These observations in vivo were complemented by in vitro experiments on HUVECs, confirming that chemerin can decrease the phosphorylation of PTEN, increasing its activity [63, 64], counteracting the activity of AKT, and preventing FOXO1 inactivation. All these observations were however made only in conditions mimicking hypoxia, and the total level of PTEN in the cells was unchanged, in contrast to what was described in tumor cell lines [44, 45].

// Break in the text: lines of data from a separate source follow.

lemma expect_clip_increment_ge:
  assumes "0 \<le> s" "s \<le> t"
  shows "(t - s) * (cdf_refl s - cdf t) \<le> expect (clip t) - expect (clip s)"
proof -
  have "(t - s) * (cdf_refl s - cdf t)
      = expect (\<lambda>v. (t - s) * (indicator {- s..} v - indicator {..t} v))"
    by (simp add: expect_cmult expect_diff bounded_borel_indicator cdf_def cdf_refl_def)
  also have "\<dots> \<le> expect (\<lambda>v. clip t v - clip s v)"
    using assms
    by (intro expect_mono bounded_borel_cmult bounded_borel_diff bounded_borel_indicator
        bounded_borel_clip clip_increment_ge) auto
  also have "\<dots> = expect (clip t) - expect (clip s)"
    by (intro expect_diff bounded_borel_clip)
  finally show ?thesis .
qed

lemma mono_on_expect_clip:
  assumes dom: "\<And>c. 0 < c \<Longrightarrow> cdf c \<le> cdf_refl c"
  shows "mono_on {0..} (\<lambda>T. expect (clip T))"
proof (rule mono_on_atLeast_if_drop_bounded[where M = cdf_refl])
  fix s t :: real assume st: "0 \<le> s" "s \<le> t"
  have "(t - s) * (cdf_refl s - cdf_refl t) \<le> (t - s) * (cdf_refl s - cdf t)"
  proof (cases "s = t")
    case False
    with st have "cdf t \<le> cdf_refl t"
      by (intro dom) simp
    with st show ?thesis
      by (intro mult_left_mono) auto
  qed simp
  then show "expect (clip s) - expect (clip t) \<le> (t - s) * (cdf_refl t - cdf_refl s)"
    using expect_clip_increment_ge[OF st] by (simp add: algebra_simps)
qed

lemma expect_clip_le_mean:
  assumes mono: "mono_on {0..} (\<lambda>T. expect (clip T))" and "0 \<le> T"
  shows "expect (clip T) \<le> \<mu>"
proof (rule LIMSEQ_le_const[OF tendsto_expect_clip], intro exI allI impI)
  fix n assume "nat \<lceil>T\<rceil> \<le> n"
  then have "T \<le> real n"
    by linarith
  with \<open>0 \<le> T\<close> show "expect (clip T) \<le> expect (clip (real n))"
    by (intro mono_onD[OF mono]) auto
qed

lemma expect_clip_0: "expect (clip 0) = 0"
  by (simp add: expect_def clip_def)

lemma mean_nonneg:
  assumes "\<And>c. 0 < c \<Longrightarrow> cdf c \<le> cdf_refl c"
  shows "0 \<le> \<mu>"
  using expect_clip_le_mean[OF mono_on_expect_clip[OF assms], of 0] by (simp add: expect_clip_0)

lemma mean_pos:
  assumes dom: "\<And>c. 0 < c \<Longrightarrow> cdf c \<le> cdf_refl c" and w: "0 < w" "cdf w < cdf_refl w"
  shows "0 < \<mu>"
proof -
  have mono: "mono_on {0..} (\<lambda>T. expect (clip T))"
    using mono_on_expect_clip[OF dom] .
  have "eventually (\<lambda>t. w < t \<and> cdf t < cdf_refl w) (at_right w)"
    using eventually_at_right_less order_tendstoD(2)[OF tendsto_cdf_at_right w(2)]
    by (rule eventually_conj)
  then obtain t where t: "w < t" "cdf t < cdf_refl w"
    using eventually_happens' by force
  have "0 < (t - w) * (cdf_refl w - cdf t)"
    using t by simp
  also have "\<dots> \<le> expect (clip t) - expect (clip w)"
    using t w by (intro expect_clip_increment_ge) auto
  also have "\<dots> \<le> \<mu> - expect (clip 0)"
    using t w mono_onD[OF mono, of 0 w] expect_clip_le_mean[OF mono, of t] by simp
  finally show ?thesis
    by (simp add: expect_clip_0)
qed

end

Altogether, our data point toward a role of chemerin as a negative regulator of the PI3K-AKT pathway, particularly in hypoxic conditions in which neoangiogenesis occurs. This leads to an activation of the FOXO1 transcription factor, resulting in a modification of the balance between endothelial cell survival and neovessel stabilization on one side, and EC apoptosis and vessel regression on the other. These data suggest therapeutic applications of CMKLR1 agonists mimicking the effects of chemerin, with potential benefit in pathological situations involving inappropriate or excessive neoangiogenesis, including solid tumors, retinopathy of prematurity, diabetic retinopathy, and potentially arthritis in which destruction of the cartilage by the neoangiogenesis pathway triggered by inflammation plays a central role.
Methods
Mouse lines
C57BL/6J mice were purchased from Janvier. Mice overexpressing chemerin in keratinocytes under the control of the keratin K5 promoter (K5-Chem model) were described previously [19]. The CMKLR1 knockout mouse line was described previously [15]. The chemerin knockout mouse line (C57BL/6 N-Rarres2tm1(KOMP)Vlcg/MbpMmucd) was obtained from the Mutant Mouse Resource and Research Center at University of California at Davis. All genetically modified mouse lines were bred on the C57BL/6J background. Mice were maintained in a specific pathogen-free facility with environmental enrichment and unlimited access to food and water. Experimental animals were used between day 2 and 10 weeks of age. Transgenic or knockout mice and their respective controls were littermates in all settings. Altogether, 419 mice were used in this study.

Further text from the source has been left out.